6. Amend newly redesignated § 8.1 by revising paragraph (a) introductory text and paragraph (b), and adding paragraph (c) to read as follows:

§ 8.1

(a) Any person providing broadband internet access service shall publicly disclose accurate information regarding the network management practices, performance characteristics, and commercial terms of its broadband internet access services sufficient to enable consumers to make informed choices regarding the purchase and use of such services and entrepreneurs and other small businesses to develop, market, and maintain internet offerings. Such disclosure shall be made via a publicly available, easily accessible website or through transmittal to the Commission.

(b) Broadband internet access service is a mass-market retail service by wire or radio that provides the capability to transmit data to and receive data from all or substantially all internet endpoints, including any capabilities that are incidental to and enable the operation of the communications service, but excluding dial-up internet access service. This term also encompasses any service that the Commission finds to be providing a functional equivalent of the service described in the previous sentence or that is used to evade the protections set forth in this part. For purposes of paragraphs (a)(1) through (6) of this section, “mass-market” services exclude service offerings customized for the customer through individually negotiated agreements even when the services are supported by federal universal service support.

(c) A network management practice is reasonable if it is appropriate and tailored to achieving a legitimate network management purpose, taking into account the particular network architecture and technology of the broadband internet access service.

§§ 8.3 and 8.6

**47 CFR Part 8**

7. Remove §§ 8.3 and 8.6.

**PART 20—COMMERCIAL MOBILE SERVICES**

**47 CFR Part 20**

8. The authority citation for part 20 is revised to read as follows:

**Authority:**

47 U.S.C. 151, 152(a), 154(i), 155, 157, 160, 201, 214, 222, 251(e), 301, 302a, 303, 303(b), 303(r), 307, 307(a), 309, 309(j)(3), 316, 316(a), 332, 610, 615, 615a, 615b, and 615c, unless otherwise noted.

**47 CFR Part 20**

9. Amend § 20.3 by:

a. In the definition of “ *Commercial mobile radio service”,* revising paragraph (2);

b. In the definition of *“Interconnected service”,* revising paragraph (1); and

c. Revising the definition of “ *Public switched network”.*

The revisions to read as follows:

§ 20.3

*Commercial mobile radio service.* * * *

(2) The functional equivalent of such a mobile service described in paragraph (1) of this definition.

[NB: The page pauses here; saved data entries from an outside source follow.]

lemma vstar_amplitude_at_optimal_time:
  fixes N m :: nat
  assumes "3 \<le> N" "1 \<le> m"
  defines "M \<equiv> real N - 1"
  shows "\<bar>cmod (vstar_amplitude M m (reduced_state N m (optimal_time N m))) - 1 / sqrt 2\<bar>
       \<le> 3 * sqrt (2 / M) + 4 / M"
proof -
  have M: "2 \<le> M" "1 \<le> M" and m: "0 < real m" using assms by (simp_all add: M_def)
  define k \<theta> t c where "k = kappa M m" and "\<theta> = rotation_angle M m"
    and "t = optimal_time N m" and "c = uniform_amplitude N"
  define a n where "a = vstar_amplitude M m" and "n = energy M m (plane_re M k)"
  define r where "r = (reduced_step M m ^^ t) (c *\<^sub>R initial_residual M k)"
  have c: "0 < c" using assms by (simp add: c_def uniform_amplitude_def)
  have q: "\<bar>c * sqrt n - 1\<bar> \<le> 2 / M"
    using uniform_amplitude_mul_plane_re_norm[of N m] assms by (simp add: c_def n_def k_def M_def)
  moreover have "2 / M \<le> 1" using M by simp
  ultimately have q2: "c * sqrt n \<le> 2" by linarith
  have k: "0 < k" "k \<le> 1 / M" using kappa_root[of M m] M m by (simp_all add: k_def)
  note angle = rotation_angle_facts[OF M(2) m, folded \<theta>_def k_def]
  have "sin \<theta> \<le> sqrt (2 / M)" using sin_rotation_angle_le[OF M(2) m] by (simp add: \<theta>_def)
  then have trig: "\<bar>cos (t * \<theta>)\<bar> \<le> sqrt (2 / M)" "\<bar>1 - sin (t * \<theta>)\<bar> \<le> 1 / M"
    using quarter_period_floor_bounds[of \<theta>] angle k
    by (simp_all add: t_def optimal_time_def \<theta>_def M_def)
  define uR uI where "uR = a (plane_re M k)" and "uI = a (plane_im_at M m)"
  have "cmod uR \<le> sqrt n"
    using norm_vstar_amplitude_le M m by (simp add: uR_def a_def n_def)
  moreover have "cmod uI = sqrt n / sqrt 2"
    using cmod_vstar_amplitude_plane_im_at[OF M(2) m] by (simp add: uI_def a_def n_def k_def real_sqrt_divide)
  moreover have "cmod (a r) \<le> sqrt (2 / M)"
  proof -
    have "cmod (a r) \<le> sqrt (energy M m (c *\<^sub>R initial_residual M k))"
      using norm_vstar_amplitude_le[of M m r] M m by (simp add: a_def r_def energy_funpow_reduced_step)
    also have "\<dots> \<le> sqrt (2 / M)"
      using energy_scaled_initial_residual_le[of N m] assms by (simp add: c_def k_def M_def)
    finally show ?thesis .
  qed
  ultimately have "\<bar>cmod ((c * cos (t * \<theta>)) *\<^sub>R uR - (c * sin (t * \<theta>)) *\<^sub>R uI + a r) - 1 / sqrt 2\<bar>
      \<le> c * sqrt n * (sqrt (2 / M) + 1 / M) + sqrt (2 / M) + \<bar>c * sqrt n - 1\<bar>"
    using c trig by (intro norm_rotated_estimate) simp_all
  also have "\<dots> \<le> 2 * (sqrt (2 / M) + 1 / M) + sqrt (2 / M) + 2 / M"
    using q q2 M by (intro add_mono mult_right_mono) simp_all
  moreover have "(c * cos (t * \<theta>)) *\<^sub>R uR - (c * sin (t * \<theta>)) *\<^sub>R uI + a r = a (reduced_state N m t)"
    using reduced_state_decomposition[of N m t] assms
    by (simp add: uR_def uI_def a_def r_def c_def k_def \<theta>_def M_def linear_add[OF linear_vstar_amplitude]
        linear_diff[OF linear_vstar_amplitude] linear_cmul[OF linear_vstar_amplitude])
  ultimately show ?thesis by (simp add: a_def t_def algebra_simps)
qed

*Interconnected service.* * * *

(1) That is interconnected with the public switched network, or interconnected with the public switched network through an interconnected service provider, that gives subscribers the capability to communicate to or receive communication from all other users on the public switched network; or

*Public switched network.* Any common carrier switched network, whether by wire or radio, including local exchange carriers, interexchange carriers, and mobile service providers, that uses the North American Numbering Plan in connection with the provision of switched services.

**PART 51—INTERCONNECTION**

**47 CFR Part 51**

10. The authority citation for part 51 continues to read as follows:

**Authority:**

47 U.S.C. 151-55, 201-05, 207-09, 218, 225-27, 251-52, 271, 332 unless otherwise noted.

§§ 51.303, 51.405, 51.513, and 51.611

**47 CFR Part 51**

11. Remove and reserve §§ 51.303, 51.405, 51.513, and 51.611.